Газовый московский завод и электростанция, трамвай с их бельгийским и американским оборудованием вообще невозможно было переделать на дрова. Москва могла погрузиться во тьму, а транспорт мог остановиться вообще. Во время Госсовещания несколько раз а Большом театре гас свет, и пафосные обсуждения судеб Родины велись при свечах и керосиновых лампах…
В первое лето жизни без царя в Москву поступило в 12 раз меньше топлива по железной дороге, чем требовалось, а это было уже была настоящей топливная катастрофа для капиталистической промышленности. Крупные московские заводы остановились, остановились стройки, десятки тысяч иногородних рабочих в один миг остались без работы и средств пропитания. У многих даже не осталось денег для того, чтобы уехать в свои города и деревни. А ведь на Москву надвигалась зима!
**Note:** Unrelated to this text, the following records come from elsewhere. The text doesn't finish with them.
definition feasible :: "nat \<Rightarrow> (nat \<Rightarrow> nat set) \<Rightarrow> nat list \<Rightarrow> bool" where
  "feasible k S A \<longleftrightarrow> (\<forall>i<k. S i \<subseteq> {1..length A}) \<and>
     (\<forall>i<k. \<forall>j<k. i \<noteq> j \<longrightarrow> S i \<inter> S j = {})"

definition OPT :: "nat \<Rightarrow> nat list \<Rightarrow> ereal" where
  "OPT k A = (INF S\<in>{S. feasible k S A}. ratio k S A)"

definition OPT_L :: "nat \<Rightarrow> nat list \<Rightarrow> ereal" where
  "OPT_L k A = (INF S\<in>{S. feasible k S A \<and> length A \<in> (\<Union>i<k. S i)}. ratio k S A)"

text \<open>A[l,r]: the sorted multiset of items a_i with l \<le> i \<le> r (indices < 1 absent).\<close>
definition subrange :: "nat list \<Rightarrow> int \<Rightarrow> int \<Rightarrow> nat list" where
  "subrange A l r = map (\<lambda>i. A ! (i - 1)) [nat (max 1 l) ..< nat r + 1]"

end

theory Submission
  imports Defs
begin

(*
  Shifting indices turns every k-tuple for a window A[j-C+1, j] into a k-tuple for A with the
  same part sums, which gives the lower bound.

  For the upper bound fix a k-tuple S for A with part sums in [m, M] and let j be the largest
  index it uses; j >= k because the parts are disjoint and nonempty. If some item satisfies
  a_i <= (1 + eps) a_(i-k+1), the k singletons a_(i-k+1), ..., a_i have ratio at most 1 + eps;
  if a_(j-k+1) >= m / (1 + eps), the k singletons ending at j have ratio at most (1 + eps) M / m.
  Otherwise the items grow by a factor 1 + eps every k - 1 steps, so the items of index at most
  j - C sum to at most eps a_(j-k+1) < eps m / (1 + eps) by the choice of c. Deleting them from S
  leaves a tuple inside the window ending at j that still uses j and has part sums in
  [m / (1 + eps), M].
*)

lemma feasibleD:
  assumes "feasible k T A" "i < k" "t \<in> T i"
  shows "1 \<le> t" "t \<le> length A"
  using assms unfolding feasible_def by fastforce+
Дрова для частных домов, оборудованных дровяными печами, то есть без канализации и без водопровода были доступны для заготовки в зоне действия конных повозок — 25 вёрст. И в случае порожнего движения товарных вагонов, что случалось уже редко, и из 200 верстовой зоны лесозаготовок. Осенью заготовку на местах ожидаемо могла оставить распутица. Вместимость станций Москвы — 2800 вагонов, максимальный срок вывоза дров с московских станций — 3 дня. То есть Москва могла принять максимально 700 вагонов в день. 700 вагонов дров в день — равно необходимому количеству топлива в дровяном эквиваленте при отказе от угля и нефти. 400 вагонов дров в день — потребность Москвы, если не учитывать нужда промышленных предприятий. Капиталисты, управляющие экономикой России после царя, напрягли все силы, чтобы справится с топливной и транспортной разрухой и удержаться у власти, но ими же созданная разруха экономики страны во время войны ради личного обогащения не давала им шансов.
В этих условия капиталисты начали массовые репрессии, террор, ужесточение порядков в России, начав их с июльского расстрела в Питере рабочих и солдат, и назначения генерала Корнилова Верховным главнокомандующим.
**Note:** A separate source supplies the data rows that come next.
lemma foldr_smult_mult:
  fixes Y :: "nat \<Rightarrow> 'a::field mat"
  assumes Y: "\<And>j. Y j \<in> carrier_mat n n" and M: "M \<in> carrier_mat n n"
  shows "foldr (\<lambda>j N. (c j \<cdot>\<^sub>m Y j) * N) js M = prod_list (map c js) \<cdot>\<^sub>m foldr (\<lambda>j N. Y j * N) js M"
proof (induction js)
  case Nil
  show ?case
    using M by (intro eq_matI) auto
next
  case (Cons a js)
  let ?F = "foldr (\<lambda>j N. Y j * N) js M"
  have F: "?F \<in> carrier_mat n n"
    using foldr_mult_carrier_mat Y M by blast
  have "(c a \<cdot>\<^sub>m Y a) * (prod_list (map c js) \<cdot>\<^sub>m ?F) = (c a * prod_list (map c js)) \<cdot>\<^sub>m (Y a * ?F)"
    using Y[of a] F
    by (simp add: mult_smult_assoc_mat[of _ n n _ n] mult_smult_distrib[of _ n n _ n])
      (intro eq_matI, auto)
  then show ?case
    using Cons by simp
qed

lemma prod_diff_nonzero:
  fixes D :: "nat \<Rightarrow> 'a::field"
  assumes "inj_on D {..d}"
  shows "(\<Prod>l\<in>{1..d}. D 0 - D l) \<noteq> 0"
  using assms by (fastforce simp: inj_on_def)

lemma prim_idem_upper_bidiag:
  fixes D s :: "nat \<Rightarrow> 'a::field"
  assumes inj: "inj_on D {..d}"
  defines "P \<equiv> prim_idem d (upper_bidiag (d+1) D s) D 0"
  shows "supported_on_row (d+1) 0 P" and "P $$ (0,0) = 1"
    and "P $$ (0,d) = (\<Prod>l\<in>{1..d}. s l) / (\<Prod>l\<in>{1..d}. D 0 - D l)"
proof -
  let ?B = "upper_bidiag (d+1) D s"
  define T where "T = foldr (\<lambda>l M. (?B - D l \<cdot>\<^sub>m 1\<^sub>m (d+1)) * M) [1..<d+1] (1\<^sub>m (d+1))"
  have T: "T \<in> carrier_mat (d+1) (d+1)"
    and T_entries: "\<forall>i\<le>d. \<forall>j\<le>d. 1 \<le> i \<longrightarrow> T $$ (i,j) = 0"
    and T00: "T $$ (0,0) = (\<Prod>l\<in>{1..d}. D 0 - D l)"
    and T0d: "T $$ (0,d) = (\<Prod>l\<in>{0<..d}. s l)"
    using foldr_upper_bidiag_minus_entries[of 1 d D s] unfolding T_def by auto
  have "filter (\<lambda>j. j \<noteq> 0) [0..<d+1] = [1..<d+1]"
    by (induction d) auto
  then have "P = foldr (\<lambda>j M. ((1 / (D 0 - D j)) \<cdot>\<^sub>m (?B - D j \<cdot>\<^sub>m 1\<^sub>m (d+1))) * M)
      [1..<d+1] (1\<^sub>m (d+1))"
    unfolding P_def prim_idem_def by simp
  also have "\<dots> = prod_list (map (\<lambda>j. 1 / (D 0 - D j)) [1..<d+1]) \<cdot>\<^sub>m T"
    unfolding T_def by (rule foldr_smult_mult) (auto simp: upper_bidiag_def minus_carrier_mat)
  also have "prod_list (map (\<lambda>j. 1 / (D 0 - D j)) [1..<d+1]) = 1 / (\<Prod>l\<in>{1..d}. D 0 - D l)"
    by (simp add: prod.distinct_set_conv_list[symmetric] atLeastLessThanSuc_atLeastAtMost prod_dividef
        del: upt_Suc)
  finally have P: "P = (1 / (\<Prod>l\<in>{1..d}. D 0 - D l)) \<cdot>\<^sub>m T" .
  show "supported_on_row (d+1) 0 P"
    using P T T_entries by (auto simp: supported_on_row_def)
  show "P $$ (0,0) = 1"
    using P T T00 prod_diff_nonzero[OF inj] by simp
  have "{0<..d} = {1..d}"
    by auto
  then show "P $$ (0,d) = (\<Prod>l\<in>{1..d}. s l) / (\<Prod>l\<in>{1..d}. D 0 - D l)"
    using P T T0d by simp
qed

lemma prim_idem_lower_bidiag:
  fixes D :: "nat \<Rightarrow> 'a::field"
  assumes inj: "inj_on D {..d}"
  defines "P \<equiv> prim_idem d (lower_bidiag (d+1) (\<lambda>i. D (d - i))) D 0"
  shows "supported_on_row (d+1) d P" and "P $$ (d,d) = 1"
    and "P $$ (d,0) = 1 / (\<Prod>l\<in>{1..d}. D 0 - D l)"
proof -
  let ?L = "lower_bidiag (d+1) (\<lambda>i. D (d - i))"
  define R where "R = prim_idem d (upper_bidiag (d+1) D (\<lambda>_. 1)) D 0"
  have L: "?L \<in> carrier_mat (d+1) (d+1)"
    by (simp add: lower_bidiag_def)
  have "R = rev_mat d P"
    unfolding R_def P_def rev_mat_lower_bidiag[symmetric]
    using alg_hom_prim_idem[OF alg_hom_rev_mat L] by simp
  then have P: "P = rev_mat d R"
    using rev_mat_rev_mat prim_idem_carrier_mat[OF L] unfolding P_def by metis
  note R = prim_idem_upper_bidiag[OF inj, of "\<lambda>_. 1", folded R_def]
  show "supported_on_row (d+1) d P"
    using P R(1) by (auto simp: supported_on_row_def rev_mat_def)
  show "P $$ (d,d) = 1"
    using P R(2) by (simp add: rev_mat_def)
  show "P $$ (d,0) = 1 / (\<Prod>l\<in>{1..d}. D 0 - D l)"
    using P R(3) by (simp add: rev_mat_def)
qed

theorem theorem17p9:
  fixes d :: nat and A As :: "'a::field mat" and E Es :: "nat \<Rightarrow> 'a mat"
    and th ths phi :: "nat \<Rightarrow> 'a"
  assumes LS: "leonard_system d A As E Es"
    and th: "inj_on th {..d}" "\<forall>i\<le>d. eigenvalue A (th i)" "\<forall>i\<le>d. E i = prim_idem d A th i"
    and ths: "inj_on ths {..d}" "\<forall>i\<le>d. eigenvalue As (ths i)" "\<forall>i\<le>d. Es i = prim_idem d As ths i"
    and phi: "split_seq d A As (\<lambda>i. th (d - i)) ths phi"
  shows "inverse (mat_trace (E 0 * Es 0)) =
           (\<Prod>h<d. th 0 - th (d - h)) * (\<Prod>h<d. ths 0 - ths (d - h)) / (\<Prod>j=1..d. phi j)"
proof -
  have A: "A \<in> carrier_mat (d+1) (d+1)" and As: "As \<in> carrier_mat (d+1) (d+1)"
    using LS unfolding leonard_system_def by auto
  obtain f where f: "alg_iso (d+1) f" and phi_nonzero: "\<forall>j\<in>{1..d}. phi j \<noteq> 0"
    and fA: "f A = lower_bidiag (d+1) (\<lambda>i. th (d - i))" and fAs: "f As = upper_bidiag (d+1) ths phi"
    using phi unfolding split_seq_def lower_bidiag_def upper_bidiag_def by blast
  have fE: "f (E 0) = prim_idem d (lower_bidiag (d+1) (\<lambda>i. th (d - i))) th 0"
    using th(3) alg_hom_prim_idem[OF alg_iso_imp_alg_hom[OF f] A] fA by simp
  have fEs: "f (Es 0) = prim_idem d (upper_bidiag (d+1) ths phi) ths 0"
    using ths(3) alg_hom_prim_idem[OF alg_iso_imp_alg_hom[OF f] As] fAs by simp
  note P = prim_idem_lower_bidiag[OF th(1), folded fE]
  note Q = prim_idem_upper_bidiag[OF ths(1), of phi, folded fEs]
  have "mat_trace (E 0 * Es 0) = (f (E 0) * f (Es 0)) $$ (d,d)"
    using mat_trace_mult_alg_iso_supported_on_row[OF f _ _ P(1) _ P(2)] th(3) ths(3)
      prim_idem_carrier_mat[OF A] prim_idem_carrier_mat[OF As] by simp
  also have "\<dots> = (\<Sum>k<d+1. f (E 0) $$ (d,k) * f (Es 0) $$ (k,d))"
    using P(1) Q(1) unfolding supported_on_row_def by (intro index_mult_mat_sum) auto
  also have "\<dots> = f (E 0) $$ (d,0) * f (Es 0) $$ (0,d)"
    by (rule sum_mult_supported_on_row[OF Q(1)]) simp_all
  finally have trace: "mat_trace (E 0 * Es 0) =
      (\<Prod>l\<in>{1..d}. phi l) / ((\<Prod>l\<in>{1..d}. th 0 - th l) * (\<Prod>l\<in>{1..d}. ths 0 - ths l))"
    using P(3) Q(3) by simp
  have reverse: "(\<Prod>h<d. g (d - h)) = (\<Prod>l\<in>{1..d}. g l)" for g :: "nat \<Rightarrow> 'a"
    by (rule prod.reindex_bij_witness[where i="\<lambda>l. d - l" and j="\<lambda>h. d - h"]) auto
  have "(\<Prod>l\<in>{1..d}. phi l) \<noteq> 0"
    using phi_nonzero by simp
  then show ?thesis
    unfolding trace reverse[of "\<lambda>l. th 0 - th l"] reverse[of "\<lambda>l. ths 0 - ths l"]
    using prod_diff_nonzero[OF th(1)] prod_diff_nonzero[OF ths(1)] by simp
qed

end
Центральная продовольственная управа столичного Питера заявила, что кроме проблемы нехватки продовольствия даже по карточкам, глава градуправления Питера не может подтвердить наличие к началу отопительного сезона даже половины необходимого на зиму топлива — одни будут жить в тепле, а другие в холоде. Часть многоэтажных домов придут в аварийное состояние из-за того, что от мороза полопается водопровод, отопление и канализация. Делать потом ремонт некем и нечем, ни материалов, ни специалистов нет, строительный бум последних лет на бешеных прибылях от военных заказов не вызвал бума подготовки квалифицированной эксплуатационной армии сантехников, электриков и тепловиков. Городским служащим город опять задерживает зарплату. В кассе города осталось всего 300 тысяч рублей — даже на содержание электростанций не хватает. Норму по карточному распределению сахара в 0,4 килограмм в месяц на человека обеспечить не удаётся, карточки остаются неотоваренными. После 15 августа по карточкам столичный житель будет получать в день 200 граммов хлеба — вдвое меньше, чем весной. Бесчисленное количество фальшивых карточек на хлеб и другие продукты наводнили страну. В магазинах и кооперативах, отпускающих по карточкам продукты, треть карточек фальшивые.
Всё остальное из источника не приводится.